*The input*:
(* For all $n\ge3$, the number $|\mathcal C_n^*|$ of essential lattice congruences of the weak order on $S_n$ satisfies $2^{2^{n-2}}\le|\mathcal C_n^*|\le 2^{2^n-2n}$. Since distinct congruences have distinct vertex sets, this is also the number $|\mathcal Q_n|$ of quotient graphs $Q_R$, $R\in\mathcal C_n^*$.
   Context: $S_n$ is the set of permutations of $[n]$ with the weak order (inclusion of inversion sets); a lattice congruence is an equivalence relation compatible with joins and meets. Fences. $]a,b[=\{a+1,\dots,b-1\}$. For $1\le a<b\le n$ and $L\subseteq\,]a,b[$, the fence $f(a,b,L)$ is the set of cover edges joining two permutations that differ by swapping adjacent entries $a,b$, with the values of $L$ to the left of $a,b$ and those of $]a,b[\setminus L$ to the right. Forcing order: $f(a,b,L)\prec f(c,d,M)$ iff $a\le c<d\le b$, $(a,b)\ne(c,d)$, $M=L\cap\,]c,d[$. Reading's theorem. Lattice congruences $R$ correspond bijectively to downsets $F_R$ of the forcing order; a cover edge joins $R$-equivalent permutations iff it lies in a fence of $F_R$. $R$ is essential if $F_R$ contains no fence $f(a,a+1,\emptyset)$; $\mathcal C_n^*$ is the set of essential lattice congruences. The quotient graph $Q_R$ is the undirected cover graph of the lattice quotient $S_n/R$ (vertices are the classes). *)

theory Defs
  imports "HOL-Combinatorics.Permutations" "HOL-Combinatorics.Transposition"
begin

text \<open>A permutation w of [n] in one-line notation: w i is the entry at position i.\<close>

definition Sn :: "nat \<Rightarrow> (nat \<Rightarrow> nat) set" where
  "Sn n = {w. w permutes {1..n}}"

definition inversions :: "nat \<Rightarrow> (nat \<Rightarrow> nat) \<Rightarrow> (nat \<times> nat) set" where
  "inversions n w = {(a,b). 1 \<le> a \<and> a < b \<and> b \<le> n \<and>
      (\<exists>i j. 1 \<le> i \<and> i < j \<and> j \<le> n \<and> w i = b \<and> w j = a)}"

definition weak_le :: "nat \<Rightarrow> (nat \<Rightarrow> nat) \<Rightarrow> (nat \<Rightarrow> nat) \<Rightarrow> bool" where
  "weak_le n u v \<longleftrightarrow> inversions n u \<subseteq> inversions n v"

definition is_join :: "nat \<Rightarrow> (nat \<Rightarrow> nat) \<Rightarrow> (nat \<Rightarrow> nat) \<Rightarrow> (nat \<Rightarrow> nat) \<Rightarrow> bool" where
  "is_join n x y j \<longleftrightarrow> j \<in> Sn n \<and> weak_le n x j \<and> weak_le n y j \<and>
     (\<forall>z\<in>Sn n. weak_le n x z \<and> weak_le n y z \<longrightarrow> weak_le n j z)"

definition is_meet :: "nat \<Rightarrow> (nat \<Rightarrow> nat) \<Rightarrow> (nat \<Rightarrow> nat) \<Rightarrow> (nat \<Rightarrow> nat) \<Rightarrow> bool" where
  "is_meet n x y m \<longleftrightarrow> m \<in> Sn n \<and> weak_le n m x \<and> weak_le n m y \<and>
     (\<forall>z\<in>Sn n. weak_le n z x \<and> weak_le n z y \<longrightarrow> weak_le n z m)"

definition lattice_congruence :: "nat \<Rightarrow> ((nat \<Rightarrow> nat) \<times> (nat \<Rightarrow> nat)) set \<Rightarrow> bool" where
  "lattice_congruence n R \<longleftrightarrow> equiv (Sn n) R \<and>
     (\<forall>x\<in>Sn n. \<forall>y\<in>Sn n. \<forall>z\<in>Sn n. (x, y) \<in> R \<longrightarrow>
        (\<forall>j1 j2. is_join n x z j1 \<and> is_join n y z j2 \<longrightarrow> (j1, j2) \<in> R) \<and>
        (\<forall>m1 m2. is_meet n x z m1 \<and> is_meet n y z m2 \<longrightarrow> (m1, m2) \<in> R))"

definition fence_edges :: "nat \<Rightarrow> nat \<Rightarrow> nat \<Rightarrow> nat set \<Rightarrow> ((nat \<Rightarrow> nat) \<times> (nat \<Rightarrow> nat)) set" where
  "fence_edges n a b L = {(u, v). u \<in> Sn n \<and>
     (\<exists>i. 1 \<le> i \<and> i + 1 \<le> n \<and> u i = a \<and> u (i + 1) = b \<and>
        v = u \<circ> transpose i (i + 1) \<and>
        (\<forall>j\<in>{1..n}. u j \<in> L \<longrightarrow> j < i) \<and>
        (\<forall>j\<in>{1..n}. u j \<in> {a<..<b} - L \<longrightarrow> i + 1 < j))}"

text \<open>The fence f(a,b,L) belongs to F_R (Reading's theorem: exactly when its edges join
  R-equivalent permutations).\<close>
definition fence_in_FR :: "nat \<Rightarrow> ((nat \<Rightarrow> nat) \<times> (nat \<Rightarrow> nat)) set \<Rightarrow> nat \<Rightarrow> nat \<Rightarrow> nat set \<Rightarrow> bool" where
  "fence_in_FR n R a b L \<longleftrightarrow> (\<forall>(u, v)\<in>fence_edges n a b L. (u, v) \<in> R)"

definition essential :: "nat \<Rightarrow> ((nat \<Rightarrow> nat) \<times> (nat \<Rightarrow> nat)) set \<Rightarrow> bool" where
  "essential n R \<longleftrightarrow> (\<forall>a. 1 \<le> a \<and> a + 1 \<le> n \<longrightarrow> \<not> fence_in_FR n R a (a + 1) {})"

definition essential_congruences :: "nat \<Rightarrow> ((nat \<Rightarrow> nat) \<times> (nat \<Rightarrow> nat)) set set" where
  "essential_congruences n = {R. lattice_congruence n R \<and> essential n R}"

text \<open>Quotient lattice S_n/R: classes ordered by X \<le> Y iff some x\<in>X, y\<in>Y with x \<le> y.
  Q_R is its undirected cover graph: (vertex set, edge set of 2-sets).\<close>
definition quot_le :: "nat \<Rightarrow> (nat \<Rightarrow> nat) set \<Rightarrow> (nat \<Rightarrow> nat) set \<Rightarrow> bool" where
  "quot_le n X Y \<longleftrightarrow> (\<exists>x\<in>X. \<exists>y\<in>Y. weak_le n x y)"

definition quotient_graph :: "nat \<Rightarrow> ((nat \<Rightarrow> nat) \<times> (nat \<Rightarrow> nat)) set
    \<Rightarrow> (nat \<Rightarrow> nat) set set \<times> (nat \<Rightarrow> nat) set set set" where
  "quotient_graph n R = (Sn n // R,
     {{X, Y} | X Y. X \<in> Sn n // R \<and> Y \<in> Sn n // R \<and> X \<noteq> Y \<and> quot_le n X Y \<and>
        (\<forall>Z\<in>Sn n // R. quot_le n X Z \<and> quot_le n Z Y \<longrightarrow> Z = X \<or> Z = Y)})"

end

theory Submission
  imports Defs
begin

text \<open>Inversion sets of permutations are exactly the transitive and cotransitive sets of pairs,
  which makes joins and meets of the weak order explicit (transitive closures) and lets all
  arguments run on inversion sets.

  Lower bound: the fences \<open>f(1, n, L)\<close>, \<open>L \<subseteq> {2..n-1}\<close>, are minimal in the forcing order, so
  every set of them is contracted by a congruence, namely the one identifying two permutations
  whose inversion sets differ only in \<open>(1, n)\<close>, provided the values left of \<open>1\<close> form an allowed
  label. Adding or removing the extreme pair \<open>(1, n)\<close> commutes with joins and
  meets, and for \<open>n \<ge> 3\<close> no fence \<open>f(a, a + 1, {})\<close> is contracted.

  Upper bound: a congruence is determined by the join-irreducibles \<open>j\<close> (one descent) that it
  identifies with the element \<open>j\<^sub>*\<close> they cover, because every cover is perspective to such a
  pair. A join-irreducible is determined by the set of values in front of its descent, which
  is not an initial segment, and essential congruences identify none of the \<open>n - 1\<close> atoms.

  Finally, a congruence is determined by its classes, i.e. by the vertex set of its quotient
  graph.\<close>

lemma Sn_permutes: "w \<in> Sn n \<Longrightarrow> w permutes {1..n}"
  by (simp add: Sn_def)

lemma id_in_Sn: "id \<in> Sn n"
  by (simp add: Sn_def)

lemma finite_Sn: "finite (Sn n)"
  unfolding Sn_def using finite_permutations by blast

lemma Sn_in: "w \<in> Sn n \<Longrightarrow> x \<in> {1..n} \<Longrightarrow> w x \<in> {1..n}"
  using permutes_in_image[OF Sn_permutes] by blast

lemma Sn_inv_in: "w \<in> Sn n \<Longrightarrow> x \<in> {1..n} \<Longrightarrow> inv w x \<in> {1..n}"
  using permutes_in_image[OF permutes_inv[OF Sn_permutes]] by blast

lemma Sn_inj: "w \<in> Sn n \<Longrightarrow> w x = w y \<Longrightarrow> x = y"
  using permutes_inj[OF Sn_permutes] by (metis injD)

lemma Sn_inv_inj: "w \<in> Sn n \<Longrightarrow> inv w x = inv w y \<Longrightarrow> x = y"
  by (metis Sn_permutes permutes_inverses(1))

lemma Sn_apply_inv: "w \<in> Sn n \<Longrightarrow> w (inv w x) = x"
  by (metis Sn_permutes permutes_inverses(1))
==
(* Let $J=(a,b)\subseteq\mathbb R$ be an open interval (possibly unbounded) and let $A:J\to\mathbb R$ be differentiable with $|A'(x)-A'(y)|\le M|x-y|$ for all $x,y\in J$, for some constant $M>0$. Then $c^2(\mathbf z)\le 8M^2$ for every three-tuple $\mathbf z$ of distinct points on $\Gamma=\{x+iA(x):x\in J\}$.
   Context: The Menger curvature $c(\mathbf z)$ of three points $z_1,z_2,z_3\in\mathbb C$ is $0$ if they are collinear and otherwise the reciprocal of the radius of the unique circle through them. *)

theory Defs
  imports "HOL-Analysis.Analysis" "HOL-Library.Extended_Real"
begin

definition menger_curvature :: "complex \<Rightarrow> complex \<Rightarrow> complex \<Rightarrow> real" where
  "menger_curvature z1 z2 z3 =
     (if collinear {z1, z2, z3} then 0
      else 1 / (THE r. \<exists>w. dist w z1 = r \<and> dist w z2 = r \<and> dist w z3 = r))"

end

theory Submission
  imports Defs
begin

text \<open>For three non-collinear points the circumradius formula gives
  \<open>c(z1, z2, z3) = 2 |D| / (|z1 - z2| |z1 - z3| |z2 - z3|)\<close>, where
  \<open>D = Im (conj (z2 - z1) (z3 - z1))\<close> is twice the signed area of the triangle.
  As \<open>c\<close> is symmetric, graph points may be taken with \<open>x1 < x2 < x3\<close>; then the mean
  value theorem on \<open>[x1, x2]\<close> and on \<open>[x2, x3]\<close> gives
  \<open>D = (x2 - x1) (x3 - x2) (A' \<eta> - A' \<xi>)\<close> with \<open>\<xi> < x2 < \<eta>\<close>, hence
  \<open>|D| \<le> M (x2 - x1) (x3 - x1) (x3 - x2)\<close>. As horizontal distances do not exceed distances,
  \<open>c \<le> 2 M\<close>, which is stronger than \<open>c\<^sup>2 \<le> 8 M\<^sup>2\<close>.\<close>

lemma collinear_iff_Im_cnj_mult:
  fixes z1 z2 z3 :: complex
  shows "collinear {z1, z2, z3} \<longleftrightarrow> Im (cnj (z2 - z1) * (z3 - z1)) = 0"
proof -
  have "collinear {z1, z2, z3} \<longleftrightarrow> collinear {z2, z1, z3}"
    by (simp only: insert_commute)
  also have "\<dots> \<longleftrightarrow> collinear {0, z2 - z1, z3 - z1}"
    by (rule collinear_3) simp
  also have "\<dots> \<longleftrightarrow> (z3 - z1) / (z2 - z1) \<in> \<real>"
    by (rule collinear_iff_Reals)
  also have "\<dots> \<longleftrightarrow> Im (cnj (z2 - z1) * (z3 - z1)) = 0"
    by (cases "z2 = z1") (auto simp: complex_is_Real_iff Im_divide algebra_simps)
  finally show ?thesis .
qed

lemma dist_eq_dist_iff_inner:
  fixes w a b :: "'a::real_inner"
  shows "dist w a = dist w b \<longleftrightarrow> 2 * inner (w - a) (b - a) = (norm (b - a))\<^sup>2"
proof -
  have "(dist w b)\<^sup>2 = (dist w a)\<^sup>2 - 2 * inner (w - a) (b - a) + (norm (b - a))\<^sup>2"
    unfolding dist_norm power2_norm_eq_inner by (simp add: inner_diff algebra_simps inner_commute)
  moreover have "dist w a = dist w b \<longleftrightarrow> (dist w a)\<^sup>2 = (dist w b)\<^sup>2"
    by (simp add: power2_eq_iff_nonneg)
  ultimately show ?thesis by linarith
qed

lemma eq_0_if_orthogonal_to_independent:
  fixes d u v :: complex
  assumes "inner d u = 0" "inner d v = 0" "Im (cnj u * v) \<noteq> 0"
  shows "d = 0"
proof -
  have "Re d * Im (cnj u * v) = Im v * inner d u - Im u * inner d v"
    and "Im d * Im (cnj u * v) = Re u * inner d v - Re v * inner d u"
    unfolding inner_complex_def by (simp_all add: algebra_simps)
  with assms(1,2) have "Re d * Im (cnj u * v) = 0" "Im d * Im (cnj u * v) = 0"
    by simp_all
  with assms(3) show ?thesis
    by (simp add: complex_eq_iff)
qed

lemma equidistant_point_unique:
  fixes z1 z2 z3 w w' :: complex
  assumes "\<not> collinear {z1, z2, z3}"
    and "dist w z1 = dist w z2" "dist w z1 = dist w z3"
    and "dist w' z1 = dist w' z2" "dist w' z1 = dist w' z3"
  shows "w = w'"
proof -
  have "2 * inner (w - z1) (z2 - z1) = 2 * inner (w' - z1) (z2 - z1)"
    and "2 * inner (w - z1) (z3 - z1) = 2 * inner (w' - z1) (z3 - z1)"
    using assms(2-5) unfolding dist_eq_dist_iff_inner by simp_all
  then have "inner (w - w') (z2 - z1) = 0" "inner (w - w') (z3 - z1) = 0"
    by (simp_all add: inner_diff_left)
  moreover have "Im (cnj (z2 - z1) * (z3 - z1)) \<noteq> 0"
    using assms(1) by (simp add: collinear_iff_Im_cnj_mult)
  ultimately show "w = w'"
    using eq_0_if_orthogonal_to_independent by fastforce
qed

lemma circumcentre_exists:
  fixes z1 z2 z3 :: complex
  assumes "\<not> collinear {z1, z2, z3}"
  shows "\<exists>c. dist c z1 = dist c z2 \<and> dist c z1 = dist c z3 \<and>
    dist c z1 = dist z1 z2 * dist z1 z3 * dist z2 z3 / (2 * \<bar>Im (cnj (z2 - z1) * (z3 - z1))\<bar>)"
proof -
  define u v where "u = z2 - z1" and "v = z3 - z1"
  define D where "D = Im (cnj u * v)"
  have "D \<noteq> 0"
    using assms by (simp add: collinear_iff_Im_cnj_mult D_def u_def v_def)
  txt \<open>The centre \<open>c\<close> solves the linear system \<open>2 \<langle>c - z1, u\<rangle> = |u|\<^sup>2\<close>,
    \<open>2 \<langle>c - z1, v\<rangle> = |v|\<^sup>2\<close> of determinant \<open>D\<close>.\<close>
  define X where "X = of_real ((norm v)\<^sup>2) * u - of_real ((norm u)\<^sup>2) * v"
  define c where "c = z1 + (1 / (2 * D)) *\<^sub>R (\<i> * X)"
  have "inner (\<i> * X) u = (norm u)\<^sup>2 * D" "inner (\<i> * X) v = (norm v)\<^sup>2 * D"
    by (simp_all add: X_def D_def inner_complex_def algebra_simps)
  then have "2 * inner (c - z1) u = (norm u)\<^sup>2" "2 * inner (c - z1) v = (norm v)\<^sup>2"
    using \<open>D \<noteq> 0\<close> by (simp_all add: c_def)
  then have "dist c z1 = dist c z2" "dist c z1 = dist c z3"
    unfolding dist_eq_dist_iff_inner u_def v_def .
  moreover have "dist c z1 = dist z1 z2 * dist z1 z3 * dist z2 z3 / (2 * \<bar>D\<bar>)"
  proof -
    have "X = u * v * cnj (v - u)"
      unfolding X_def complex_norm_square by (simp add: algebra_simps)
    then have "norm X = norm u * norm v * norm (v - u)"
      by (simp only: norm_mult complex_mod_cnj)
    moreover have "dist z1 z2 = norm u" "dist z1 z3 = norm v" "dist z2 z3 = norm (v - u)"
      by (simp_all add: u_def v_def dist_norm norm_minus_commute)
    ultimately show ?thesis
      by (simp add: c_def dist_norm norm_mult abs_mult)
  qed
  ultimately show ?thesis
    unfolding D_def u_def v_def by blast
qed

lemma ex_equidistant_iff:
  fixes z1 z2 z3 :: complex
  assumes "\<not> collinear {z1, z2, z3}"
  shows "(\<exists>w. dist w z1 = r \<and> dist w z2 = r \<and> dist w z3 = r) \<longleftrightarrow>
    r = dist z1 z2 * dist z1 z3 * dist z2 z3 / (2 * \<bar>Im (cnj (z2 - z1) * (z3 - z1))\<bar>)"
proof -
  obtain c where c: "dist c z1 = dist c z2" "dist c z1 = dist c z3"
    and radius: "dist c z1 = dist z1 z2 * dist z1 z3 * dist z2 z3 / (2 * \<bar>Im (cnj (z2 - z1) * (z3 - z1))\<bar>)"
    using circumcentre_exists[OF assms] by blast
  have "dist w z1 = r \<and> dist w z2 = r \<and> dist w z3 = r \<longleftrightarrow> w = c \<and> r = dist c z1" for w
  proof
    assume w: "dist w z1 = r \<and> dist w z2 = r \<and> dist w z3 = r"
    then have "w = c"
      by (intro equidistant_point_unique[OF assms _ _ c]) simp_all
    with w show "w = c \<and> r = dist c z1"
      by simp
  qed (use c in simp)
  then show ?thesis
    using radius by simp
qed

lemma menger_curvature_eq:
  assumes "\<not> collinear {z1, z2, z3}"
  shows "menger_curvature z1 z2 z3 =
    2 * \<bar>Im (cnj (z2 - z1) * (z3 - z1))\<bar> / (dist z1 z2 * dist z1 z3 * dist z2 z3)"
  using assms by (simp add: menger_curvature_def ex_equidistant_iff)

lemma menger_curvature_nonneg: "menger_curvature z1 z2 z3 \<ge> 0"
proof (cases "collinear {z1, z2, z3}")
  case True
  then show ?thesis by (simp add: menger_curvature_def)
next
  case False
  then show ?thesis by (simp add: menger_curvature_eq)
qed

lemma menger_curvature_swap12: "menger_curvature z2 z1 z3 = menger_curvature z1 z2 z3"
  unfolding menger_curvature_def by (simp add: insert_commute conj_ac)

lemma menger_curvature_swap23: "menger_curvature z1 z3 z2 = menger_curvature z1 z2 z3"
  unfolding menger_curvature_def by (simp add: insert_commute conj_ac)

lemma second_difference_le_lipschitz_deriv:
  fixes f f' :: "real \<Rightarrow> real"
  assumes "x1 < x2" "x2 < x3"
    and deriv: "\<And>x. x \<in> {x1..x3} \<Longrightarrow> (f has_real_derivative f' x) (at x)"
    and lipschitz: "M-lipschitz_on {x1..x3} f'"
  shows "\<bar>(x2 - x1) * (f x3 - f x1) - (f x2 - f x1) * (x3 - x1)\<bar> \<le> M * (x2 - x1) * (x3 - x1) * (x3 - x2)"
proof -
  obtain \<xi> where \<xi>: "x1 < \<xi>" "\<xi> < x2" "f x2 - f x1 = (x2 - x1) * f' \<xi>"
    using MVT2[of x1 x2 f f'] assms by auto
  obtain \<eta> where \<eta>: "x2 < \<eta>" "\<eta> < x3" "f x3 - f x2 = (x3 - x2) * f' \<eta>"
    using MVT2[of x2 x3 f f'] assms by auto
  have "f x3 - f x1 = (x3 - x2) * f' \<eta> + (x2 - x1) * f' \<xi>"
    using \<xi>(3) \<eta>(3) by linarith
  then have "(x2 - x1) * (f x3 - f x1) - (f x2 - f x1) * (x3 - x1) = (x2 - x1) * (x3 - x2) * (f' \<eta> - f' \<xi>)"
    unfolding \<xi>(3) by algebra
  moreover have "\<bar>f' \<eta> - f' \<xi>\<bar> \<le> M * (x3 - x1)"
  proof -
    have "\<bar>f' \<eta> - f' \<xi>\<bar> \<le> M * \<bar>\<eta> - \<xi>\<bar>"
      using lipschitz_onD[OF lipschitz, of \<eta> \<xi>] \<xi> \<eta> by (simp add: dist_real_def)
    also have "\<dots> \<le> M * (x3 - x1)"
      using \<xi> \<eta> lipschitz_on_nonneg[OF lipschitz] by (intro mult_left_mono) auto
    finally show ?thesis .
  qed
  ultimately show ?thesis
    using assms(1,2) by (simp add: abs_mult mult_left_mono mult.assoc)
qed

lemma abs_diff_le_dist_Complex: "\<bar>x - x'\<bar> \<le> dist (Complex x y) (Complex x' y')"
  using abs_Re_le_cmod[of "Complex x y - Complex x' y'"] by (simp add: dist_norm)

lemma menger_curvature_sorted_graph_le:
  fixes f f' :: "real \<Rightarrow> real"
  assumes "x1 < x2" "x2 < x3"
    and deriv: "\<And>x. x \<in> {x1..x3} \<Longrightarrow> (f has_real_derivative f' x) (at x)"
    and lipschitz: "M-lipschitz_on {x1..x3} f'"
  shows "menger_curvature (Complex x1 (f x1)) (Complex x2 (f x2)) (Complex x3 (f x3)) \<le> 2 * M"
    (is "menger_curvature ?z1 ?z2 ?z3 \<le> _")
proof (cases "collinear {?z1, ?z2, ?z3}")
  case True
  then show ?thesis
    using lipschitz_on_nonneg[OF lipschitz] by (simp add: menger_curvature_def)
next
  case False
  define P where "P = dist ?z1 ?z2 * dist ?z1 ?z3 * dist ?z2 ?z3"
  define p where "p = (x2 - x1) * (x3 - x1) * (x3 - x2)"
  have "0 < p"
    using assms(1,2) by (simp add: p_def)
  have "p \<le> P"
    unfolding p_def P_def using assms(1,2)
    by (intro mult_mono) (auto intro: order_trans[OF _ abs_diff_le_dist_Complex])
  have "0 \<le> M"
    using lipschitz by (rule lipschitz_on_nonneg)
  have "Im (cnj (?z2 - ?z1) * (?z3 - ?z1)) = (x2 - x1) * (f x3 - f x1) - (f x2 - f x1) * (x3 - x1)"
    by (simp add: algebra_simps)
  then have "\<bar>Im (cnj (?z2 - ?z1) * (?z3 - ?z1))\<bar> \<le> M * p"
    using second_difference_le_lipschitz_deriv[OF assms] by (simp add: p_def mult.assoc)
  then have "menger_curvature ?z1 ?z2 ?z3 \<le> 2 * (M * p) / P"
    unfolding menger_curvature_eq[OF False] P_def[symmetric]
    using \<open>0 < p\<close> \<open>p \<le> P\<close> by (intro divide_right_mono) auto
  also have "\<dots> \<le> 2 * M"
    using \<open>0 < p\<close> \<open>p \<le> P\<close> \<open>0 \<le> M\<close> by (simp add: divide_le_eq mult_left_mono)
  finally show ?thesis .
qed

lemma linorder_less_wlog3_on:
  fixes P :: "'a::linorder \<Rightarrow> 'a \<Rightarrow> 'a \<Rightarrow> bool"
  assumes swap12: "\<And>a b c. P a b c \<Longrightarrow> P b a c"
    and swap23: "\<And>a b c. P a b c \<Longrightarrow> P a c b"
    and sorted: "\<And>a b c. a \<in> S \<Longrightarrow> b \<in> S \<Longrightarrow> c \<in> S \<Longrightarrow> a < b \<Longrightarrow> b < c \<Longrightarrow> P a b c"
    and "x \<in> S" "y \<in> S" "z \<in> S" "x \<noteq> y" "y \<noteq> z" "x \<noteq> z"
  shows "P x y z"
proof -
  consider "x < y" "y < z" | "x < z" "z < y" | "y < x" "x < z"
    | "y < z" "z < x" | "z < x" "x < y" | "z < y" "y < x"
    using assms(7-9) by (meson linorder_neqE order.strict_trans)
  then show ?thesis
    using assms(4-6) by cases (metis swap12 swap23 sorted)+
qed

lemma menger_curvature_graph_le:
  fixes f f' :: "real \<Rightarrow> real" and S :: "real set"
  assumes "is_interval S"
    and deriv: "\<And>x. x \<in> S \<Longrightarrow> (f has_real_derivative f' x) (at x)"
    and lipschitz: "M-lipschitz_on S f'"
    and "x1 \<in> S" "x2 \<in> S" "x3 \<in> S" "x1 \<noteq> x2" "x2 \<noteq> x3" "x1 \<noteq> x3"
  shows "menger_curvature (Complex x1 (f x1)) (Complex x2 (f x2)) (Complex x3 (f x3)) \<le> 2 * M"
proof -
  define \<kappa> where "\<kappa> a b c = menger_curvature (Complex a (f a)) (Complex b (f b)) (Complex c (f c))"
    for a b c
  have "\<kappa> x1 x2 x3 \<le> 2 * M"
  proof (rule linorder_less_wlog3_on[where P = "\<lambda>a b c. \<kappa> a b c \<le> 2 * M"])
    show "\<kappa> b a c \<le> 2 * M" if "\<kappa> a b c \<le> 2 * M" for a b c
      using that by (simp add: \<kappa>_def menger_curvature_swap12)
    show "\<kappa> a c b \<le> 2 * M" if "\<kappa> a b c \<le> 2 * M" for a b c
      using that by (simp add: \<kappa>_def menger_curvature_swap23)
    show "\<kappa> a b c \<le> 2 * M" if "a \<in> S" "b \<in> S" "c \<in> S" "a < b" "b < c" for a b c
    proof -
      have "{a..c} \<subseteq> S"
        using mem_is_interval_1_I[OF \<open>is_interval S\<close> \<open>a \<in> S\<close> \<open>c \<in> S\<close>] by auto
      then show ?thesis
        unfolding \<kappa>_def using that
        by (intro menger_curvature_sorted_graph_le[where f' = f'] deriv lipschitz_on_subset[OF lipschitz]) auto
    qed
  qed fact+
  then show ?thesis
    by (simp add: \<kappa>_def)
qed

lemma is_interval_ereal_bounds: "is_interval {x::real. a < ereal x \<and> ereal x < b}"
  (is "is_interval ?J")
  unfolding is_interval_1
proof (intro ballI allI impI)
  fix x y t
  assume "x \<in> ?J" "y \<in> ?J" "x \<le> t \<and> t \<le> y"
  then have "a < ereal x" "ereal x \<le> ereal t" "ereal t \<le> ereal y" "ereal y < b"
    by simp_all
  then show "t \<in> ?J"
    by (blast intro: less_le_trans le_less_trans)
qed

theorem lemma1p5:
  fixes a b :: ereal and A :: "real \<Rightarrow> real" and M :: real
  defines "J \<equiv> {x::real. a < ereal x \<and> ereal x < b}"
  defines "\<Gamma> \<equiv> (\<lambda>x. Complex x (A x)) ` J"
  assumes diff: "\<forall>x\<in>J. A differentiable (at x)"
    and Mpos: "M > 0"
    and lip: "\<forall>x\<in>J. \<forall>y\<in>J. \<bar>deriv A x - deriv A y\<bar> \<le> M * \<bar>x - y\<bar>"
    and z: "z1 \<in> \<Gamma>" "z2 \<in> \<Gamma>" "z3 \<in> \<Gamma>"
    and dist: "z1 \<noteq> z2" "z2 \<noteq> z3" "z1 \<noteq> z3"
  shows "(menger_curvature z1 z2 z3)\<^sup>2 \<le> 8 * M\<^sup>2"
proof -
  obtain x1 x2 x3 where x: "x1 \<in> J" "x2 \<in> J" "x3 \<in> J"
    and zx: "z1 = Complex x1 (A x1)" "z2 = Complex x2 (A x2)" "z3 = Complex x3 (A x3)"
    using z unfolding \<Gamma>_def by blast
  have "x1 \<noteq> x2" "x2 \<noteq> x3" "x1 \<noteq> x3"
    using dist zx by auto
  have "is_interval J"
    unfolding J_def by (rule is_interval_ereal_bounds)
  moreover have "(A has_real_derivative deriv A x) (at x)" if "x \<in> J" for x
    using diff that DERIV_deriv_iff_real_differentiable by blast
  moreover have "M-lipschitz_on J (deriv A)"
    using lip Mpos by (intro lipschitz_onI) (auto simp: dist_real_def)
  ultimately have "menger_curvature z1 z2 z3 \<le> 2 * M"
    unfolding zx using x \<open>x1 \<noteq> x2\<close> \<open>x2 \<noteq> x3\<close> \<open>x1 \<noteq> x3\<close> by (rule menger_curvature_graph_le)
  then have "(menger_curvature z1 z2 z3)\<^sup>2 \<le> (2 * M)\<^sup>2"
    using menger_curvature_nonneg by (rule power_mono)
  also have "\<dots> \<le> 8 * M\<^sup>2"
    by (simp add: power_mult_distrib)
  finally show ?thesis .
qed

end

*Task description*: Could you reproduce exactly the lines of the entries above, from the one with "n \<Longrightarrow> w permutes" through the one with "unfolding Sn_def using", and nothing else?

*Answer box*:
lemma Sn_permutes: "w \<in> Sn n \<Longrightarrow> w permutes {1..n}"
  by (simp add: Sn_def)

lemma id_in_Sn: "id \<in> Sn n"
  by (simp add: Sn_def)

lemma finite_Sn: "finite (Sn n)"
  unfolding Sn_def using finite_permutations by blast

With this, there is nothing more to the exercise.